THE world’s financial markets have been marked by contradictions throughout 2013. Inflation has dropped but government bonds have suffered. Risk appetites have revived but emerging markets have underperformed.

Perhaps such anomalies are inevitable given the influence of central banks on market sentiment. Offered a choice of knowing in advance the growth and inflation numbers for 2014, or the precise details of Federal Reserve asset purchases next year, investors would probably opt for the latter. If fundamentals are not driving the markets, then fitting price movements into a coherent economic framework is inevitably harder.

More recent developments have at least had a familiar ring, as markets were once again affected by the curse of August. In the first half of last month, bonds suffered as yields rose sharply. In the second half, equities were hit by the prospect of Western military intervention in Syria.
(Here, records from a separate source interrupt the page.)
lemma (in prob_space) nn_integral_inverse_svar_normal_bounds:
  fixes N :: nat and \<epsilon> :: "nat \<Rightarrow> 'a \<Rightarrow> real" and \<mu> :: "nat \<Rightarrow> real"
  assumes \<sigma>: "0 < \<sigma>" and N: "even N" "6 \<le> N"
    and indep: "indep_vars (\<lambda>_. borel) \<epsilon> {1..N+1}"
    and distr: "\<And>i. i \<in> {1..N+1} \<Longrightarrow> distributed M lborel (\<epsilon> i) (\<lambda>x. ennreal (normal_density 0 \<sigma> x))"
  shows "ennreal (1 / (svar N \<mu> + \<sigma>^2)) \<le> (\<integral>\<^sup>+\<omega>. ennreal (1 / svar N (\<lambda>i. \<mu> i + \<epsilon> i \<omega>)) \<partial>M)"
    and "(\<integral>\<^sup>+\<omega>. ennreal (1 / svar N (\<lambda>i. \<mu> i + \<epsilon> i \<omega>)) \<partial>M) \<le> ennreal ((1 + 12 / N) / (svar N \<mu> + \<sigma>^2))"
proof -
  define P where "P = svar N \<mu>"
  define T where "T \<omega> = real N * svar N (\<lambda>i. \<mu> i + \<epsilon> i \<omega>)" for \<omega>
  define K where "K = N div 2"
  define v where "v = 2 * \<sigma>^2"
  define J where "J = (\<integral>\<^sup>+t. ennreal (ncchisq_laplace v (real N * P) K t) * indicator {0..} t \<partial>lborel)"
  have P: "0 \<le> P" unfolding P_def by (rule svar_nonneg)
  have v: "0 < v" unfolding v_def using \<sigma> by simp
  have NK: "real N = 2 * real K" and K: "3 \<le> K"
    unfolding K_def using N by auto
  have [measurable]: "\<And>i. i \<in> {1..N+1} \<Longrightarrow> \<epsilon> i \<in> borel_measurable M"
    using distributed_measurable[OF distr] by simp
  have [measurable]: "T \<in> borel_measurable M"
    unfolding T_def by measurable
  have laplace: "(\<integral>\<^sup>+\<omega>. ennreal (exp (- (t * T \<omega>))) \<partial>M) = ennreal (ncchisq_laplace v (real N * P) K t)"
    if "0 \<le> t" for t
  proof (cases "t = 0")
    case True
    then show ?thesis by (simp add: ncchisq_laplace_def emeasure_space_1)
  next
    case False
    with that have "0 < t" by simp
    from nn_integral_exp_neg_svar_normal[OF \<sigma> N(1) this indep distr, of \<mu>]
    show ?thesis
      unfolding T_def ncchisq_laplace_def P_def K_def v_def by (simp add: mult_ac)
  qed
  have J_eq: "(\<integral>\<^sup>+t. (\<integral>\<^sup>+\<omega>. ennreal (exp (- (t * T \<omega>))) \<partial>M) * indicator {0..} t \<partial>lborel) = J"
    unfolding J_def using laplace by (intro nn_integral_cong) (simp split: split_indicator)
  have J_le: "J \<le> ennreal (1 / (v * (real K - 2) + real N * P))"
    unfolding J_def using v P K by (intro nn_integral_ncchisq_laplace_le) simp_all
  have J_ge: "ennreal (1 / (v * (real K - 1) + real N * P)) \<le> J"
    unfolding J_def using v P K by (intro nn_integral_ncchisq_laplace_ge) simp_all
  have "(\<integral>\<^sup>+\<omega>. ennreal (1 / T \<omega>) \<partial>M) = J"
    using J_le unfolding J_eq[symmetric]
    by (intro nn_integral_inverse_eq_Laplace) (auto simp: T_def svar_nonneg top_unique)
  moreover have "ennreal (1 / svar N (\<lambda>i. \<mu> i + \<epsilon> i \<omega>)) = ennreal (real N) * ennreal (1 / T \<omega>)" for \<omega>
    unfolding T_def using N by (simp add: svar_nonneg flip: ennreal_mult)
  ultimately have E_eq: "(\<integral>\<^sup>+\<omega>. ennreal (1 / svar N (\<lambda>i. \<mu> i + \<epsilon> i \<omega>)) \<partial>M) = ennreal (real N) * J"
    by (simp add: nn_integral_cmult)
  have v_K: "v * (real K - 1) = \<sigma>^2 * (real N - 2)" "v * (real K - 2) = \<sigma>^2 * (real N - 4)"
    unfolding v_def NK by (simp_all add: algebra_simps)
  have "ennreal (1 / (P + \<sigma>^2)) \<le> ennreal (real N / (v * (real K - 1) + real N * P))"
    using one_div_le_div_N_minus_two[of N \<sigma> P] N \<sigma> P by (intro ennreal_leI) (simp add: v_K)
  also have "\<dots> \<le> ennreal (real N) * J"
    using J_ge v K P by (simp add: divide_inverse ennreal_mult mult_left_mono add_pos_nonneg)
  finally show "ennreal (1 / (P + \<sigma>^2)) \<le> (\<integral>\<^sup>+\<omega>. ennreal (1 / svar N (\<lambda>i. \<mu> i + \<epsilon> i \<omega>)) \<partial>M)"
    unfolding E_eq P_def .
  have "ennreal (real N) * J \<le> ennreal (real N / (v * (real K - 2) + real N * P))"
    using J_le v K P by (simp add: divide_inverse ennreal_mult mult_left_mono add_pos_nonneg)
  also have "\<dots> \<le> ennreal ((1 + 12 / N) / (P + \<sigma>^2))"
    using div_N_minus_four_le[of N \<sigma> P] N \<sigma> P by (intro ennreal_leI) (simp add: v_K)
  finally show "(\<integral>\<^sup>+\<omega>. ennreal (1 / svar N (\<lambda>i. \<mu> i + \<epsilon> i \<omega>)) \<partial>M) \<le> ennreal ((1 + 12 / N) / (svar N \<mu> + \<sigma>^2))"
    unfolding E_eq P_def .
qed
Fear of conflict in the Middle East has been a regular source of market worry over the past ten years, although the worst nightmare—a great disruption of oil supplies—has yet to be realised.

It is possible to explain some of the markets’ oddities. The divergence between the performance of developed and emerging markets has reflected trends in economic data. America’s economy seems to be strengthening and Europe is edging out of recession even as the numbers from the BRIC countries (Brazil, Russia, India and China) disappoint.
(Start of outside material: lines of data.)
(* Let $Y$ be a relation variable of type $\{(\mathtt n,\mathtt n)\}$ and $U$ a function variable of type $\emptyset\to\mathtt n$. Then there are an arithmetical $\mathsf{FO{+}C}$-formula $\mathrm{s\text{-}itadd}$ and an arithmetical $\mathsf{FO{+}C}$-term $\mathrm{bd\text{-}s\text{-}itadd}$ (both possibly using $Y$ and $U$) such that for all numerical assignments $\mathfrak a$, $$\Big\langle \mathrm{s\text{-}itadd},\mathrm{bd\text{-}s\text{-}itadd}\Big\rangle^{\mathfrak a}=\sum_{i<\mathfrak a(U)}\langle Y,U\rangle^{\mathfrak a}(i).$$
   Context: $\mathsf{FO{+}C}$ is two-sorted first-order logic with counting: vertex variables range over the universe of a finite structure, number variables over $\mathbb N$. Terms: number variables, $0$, $1$, $\theta+\theta'$, $\theta\cdot\theta'$, terms $U(\xi_1,\dots,\xi_k)$ for function variables $U$, and counting terms $\#(x_1,\dots,x_k,y_1<\theta_1,\dots,y_\ell<\theta_\ell).\varphi$ (value: the number of tuples $(a_1..a_k,b_1..b_\ell)$, $a_i$ vertices, $b_i\in\mathbb N$, with each $b_i$ below the value of $\theta_i$ under the assignment extended by $x\mapsto a$, $y_1..y_{i-1}\mapsto b_1..b_{i-1}$, satisfying $\varphi$ under the assignment extended by all of them). Formulas: $\theta\le\theta'$, $x=x'$, relational atoms, atoms $X(\xi_1,\dots,\xi_k)$ for relation variables $X$, $\neg$, $\wedge$. Relation and function variables have types: a relation variable of type $\{(t_1,\dots,t_k)\}$ ($t_i\in\{\mathtt v,\mathtt n\}$) is interpreted by a subset of the corresponding product of universe/$\mathbb N$; a function variable of type $(t_1..t_k)\to\mathtt n$ by a function from that product to $\mathbb N$; in atoms $X(\xi_1..\xi_k)$ and terms $U(\xi_1..\xi_k)$, $\xi_i$ is a vertex variable if $t_i=\mathtt v$ and a term if $t_i=\mathtt n$. There is no quantification over relation/function variables. An expression is arithmetical if it contains no vertex variables; its value then depends only on a numerical assignment $\mathfrak a$ (values of number variables and of relation/function variables of purely numerical type). For a $0$-ary function variable write $\mathfrak a(U)$ for its value. Notation: $\langle Y,U\rangle^{\mathfrak a}(i)=\sum\{2^j: (j,i)\in\mathfrak a(Y),\ j<\mathfrak a(U)\}$. For a fixed distinguished number variable $\hat y$, a formula $\chi$ and a term $\theta$, $\langle\chi,\theta\rangle^{\mathfrak a}=\sum\{2^i: i<\text{value of }\theta\text{ under }\mathfrak a,\ \chi\text{ holds under }\mathfrak a\text{ modified to }\hat y\mapsto i\}$. *)

theory Defs
  imports Main
begin

text \<open>Deep embedding of arithmetical FO+C expressions (no vertex variables) whose only
relation/function variables are Y of type {(n,n)} and the 0-ary function variable U.\<close>

datatype aterm =
    NVar nat
  | Zero
  | One
  | Plus aterm aterm
  | Times aterm aterm
  | UTerm
  | Count "(nat \<times> aterm) list" aform
and aform =
    Le aterm aterm
  | YAtom aterm aterm
  | Neg aform
  | Conj aform aform

text \<open>A counting term
#(y1<t1,...,yl<tl).phi counts tuples (b1..bl) with bi below the value of ti under the
assignment extended by y1..y(i-1) := b1..b(i-1), satisfying phi.\<close>

function (sequential) evalt :: "(nat \<Rightarrow> nat) \<Rightarrow> (nat \<Rightarrow> nat \<Rightarrow> bool) \<Rightarrow> nat \<Rightarrow> aterm \<Rightarrow> nat"
and holds :: "(nat \<Rightarrow> nat) \<Rightarrow> (nat \<Rightarrow> nat \<Rightarrow> bool) \<Rightarrow> nat \<Rightarrow> aform \<Rightarrow> bool"
and cnt :: "(nat \<Rightarrow> nat) \<Rightarrow> (nat \<Rightarrow> nat \<Rightarrow> bool) \<Rightarrow> nat \<Rightarrow> (nat \<times> aterm) list \<Rightarrow> aform \<Rightarrow> nat"
where
  "evalt nv Y u (NVar x) = nv x"
| "evalt nv Y u Zero = 0"
| "evalt nv Y u One = 1"
| "evalt nv Y u (Plus s t) = evalt nv Y u s + evalt nv Y u t"
| "evalt nv Y u (Times s t) = evalt nv Y u s * evalt nv Y u t"
| "evalt nv Y u UTerm = u"
| "evalt nv Y u (Count ys \<phi>) = cnt nv Y u ys \<phi>"
| "holds nv Y u (Le s t) = (evalt nv Y u s \<le> evalt nv Y u t)"
| "holds nv Y u (YAtom s t) = Y (evalt nv Y u s) (evalt nv Y u t)"
| "holds nv Y u (Neg \<phi>) = (\<not> holds nv Y u \<phi>)"
| "holds nv Y u (Conj \<phi> \<psi>) = (holds nv Y u \<phi> \<and> holds nv Y u \<psi>)"
| "cnt nv Y u [] \<phi> = (if holds nv Y u \<phi> then 1 else 0)"
| "cnt nv Y u ((y, t) # ys) \<phi> = (\<Sum>b < evalt nv Y u t. cnt (nv(y := b)) Y u ys \<phi>)"
  by pat_completeness auto
termination by size_change

definition yhat :: nat where "yhat = 0"

definition bitval :: "(nat \<Rightarrow> nat) \<Rightarrow> (nat \<Rightarrow> nat \<Rightarrow> bool) \<Rightarrow> nat \<Rightarrow> aform \<Rightarrow> aterm \<Rightarrow> nat" where
  "bitval nv Y u \<chi> \<theta> = (\<Sum>i | i < evalt nv Y u \<theta> \<and> holds (nv(yhat := i)) Y u \<chi>. 2 ^ i)"

text \<open>\<langle>Y,U\<rangle>^a(i), with (j,i) in Y read as Y j i.\<close>
definition YU :: "(nat \<Rightarrow> nat \<Rightarrow> bool) \<Rightarrow> nat \<Rightarrow> nat \<Rightarrow> nat" where
  "YU Y u i = (\<Sum>j | Y j i \<and> j < u. 2 ^ j)"

end

theory Submission
  imports Defs
begin

(* FO+C terms only take values polynomial in u, while S = sum of YU Y u i over i < u, which is
   the sum of c_j 2^j over j < u (c_j = number of summands with bit j set), has about 2u bits;
   so S is defined bit by bit. Take W = 2^L with u < W <= 2u and cut S into base-W digits.
   The block sums s_B = sum of c_(BL+r) 2^r over r < L are below W^2 and are counting terms.
   Merging the low half of s_B with the high half of s_(B-1) gives v_B < 2W - 1 with
   S = sum of v_B W^B, so every carry is 0 or 1, and carry lookahead makes it first-order:
   there is a carry into block B iff some lower block generates one (v_b >= W) and every
   block in between propagates it (v_b' >= W - 1). Bit k of S is bit (k mod L) of the digit
   (v_B + carry) mod W with B = k div L, and bits below 2u suffice because S < 2^(2u). *)

lemma ex_divmod_iff:
  fixes x W :: nat
  assumes "0 < W" "x div W < Q"
  shows "(\<exists>q<Q. \<exists>r<W. x = q * W + r \<and> P q r) \<longleftrightarrow> P (x div W) (x mod W)"
proof
  assume "\<exists>q<Q. \<exists>r<W. x = q * W + r \<and> P q r"
  then obtain q r where "r < W" "x = q * W + r" "P q r" by blast
  then show "P (x div W) (x mod W)" by simp
next
  assume "P (x div W) (x mod W)"
  then show "\<exists>q<Q. \<exists>r<W. x = q * W + r \<and> P q r"
    using assms by (metis div_mult_mod_eq mod_less_divisor)
qed

lemma odd_iff_bounded: "(\<exists>h<q. Suc (h + h) = q) \<longleftrightarrow> odd (q::nat)"
  by (auto elim!: oddE intro!: exI[of _ "q div 2"])

lemma eq_mod_iff_below_double:
  fixes x W :: nat
  assumes "x < W + W"
  shows "r < W \<and> (x = r \<or> x = r + W) \<longleftrightarrow> r = x mod W"
  using assms by (cases "x < W") (auto simp: le_mod_geq)

lemma pow2_iff_even_divisors:
  "(\<exists>i. n = (2::nat) ^ i) \<longleftrightarrow> 0 < n \<and> (\<forall>d. d dvd n \<and> 1 < d \<longrightarrow> even d)"
proof
  assume "\<exists>i. n = 2 ^ i"
  then obtain i where n: "n = 2 ^ i" ..
  have "even d" if "d dvd n" "1 < d" for d
  proof (rule ccontr)
    assume "odd d"
    then have "coprime d n"
      unfolding n by (simp add: coprime_left_2_iff_odd)
    with \<open>d dvd n\<close> have "d = 1"
      using coprime_dvd_mult_right_iff by fastforce
    with \<open>1 < d\<close> show False by simp
  qed
  then show "0 < n \<and> (\<forall>d. d dvd n \<and> 1 < d \<longrightarrow> even d)"
    using n by simp
next
  show "0 < n \<and> (\<forall>d. d dvd n \<and> 1 < d \<longrightarrow> even d) \<Longrightarrow> \<exists>i. n = 2 ^ i"
  proof (induction n rule: less_induct)
    case (less n)
    show ?case
    proof (cases "n = 1")
      case True
      then show ?thesis by (metis power_0)
    next
      case False
      with less.prems have "even n" by auto
      then obtain h where h: "n = 2 * h" ..
      with less.prems have "0 < h \<and> (\<forall>d. d dvd h \<and> 1 < d \<longrightarrow> even d)"
        by (auto intro: dvd_mult2)
      with less.IH[of h] h obtain i where "h = 2 ^ i" by auto
      with h show ?thesis by (metis power_Suc)
    qed
  qed
qed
In 2008 and 2009 the question was whether emerging markets could decouple from the crisis in the developed world. Now the problem has reversed itself. The developing world has a much bigger impact on the global economy than it did during the storms of the late 1990s. Although it is optimistic about America, Morgan Stanley has revised down its forecasts for global growth this year from 3.1% to 2.9%, and from 3.9% to 3.5% in 2014.

Albert Edwards, a permanently bearish strategist at Société Générale, sees the recent turbulence in emerging markets as “leading to a renewed global recession, with waves of deflation flowing to the West from Asia as China is ultimately forced to devalue in the face of an unrelenting loss of competitiveness, most especially against its emerging-market rivals.”

But an emerging-market slowdown is not all bad news. The Economist’s all-items commodities index is 14.5% lower over the past 12 months, a development that is broadly positive for consumers in rich countries. The oil price is admittedly still well over $100 a barrel, in part because of Middle East tensions. But weak commodity prices are leading to lower headline inflation rates, giving central banks in the rich world plenty of scope to continue with their supportive monetary policies.

Normally, lower inflation is good news for government bonds. But Treasury bonds have had a bad run, with ten-year yields more than a percentage point above their levels at the start of 2013. Does the rise in yields stem from expectations of reduced asset purchases by the Fed, the process known as “tapering”? Perhaps, although analysis by Dhaval Joshi of BCA Research shows that bond yields have fallen fastest in recent years when the Fed has halted quantitative easing, not when it has been most active in buying.

Another possibility is that investors have become more optimistic about the global economy and have been switching from bonds into equities. But as has already been pointed out, global-growth forecasts are being lowered, not raised; and the copper price, seen as a barometer for the global economy, has been weak.

Price movements may have been driven by the desperation of investors as they shed losing positions. That was clearly the case with gold earlier this year; after a decade of steadily rising prices, there were a lot of stale positions to unwind. Similarly, the debt crisis forced many investors to seek the safety of government bonds and pin their hopes for excess returns on the emerging markets. The sell-off in both asset classes is probably the result of a radical rethink.

A bullish position in developed-market equities, particularly in America, now looks like the consensus bet. But that depends on the story of a rebounding economy holding up, along with corporate profits. Annual earnings-per-share growth at firms in the S&P 500 was just 3.9% in the second quarter. Yet analysts’ forecasts are for double-digit growth by the middle of next year, at a time when profits are already at a post-war high relative to GDP. Not so much a contradiction, more a case of wishful thinking.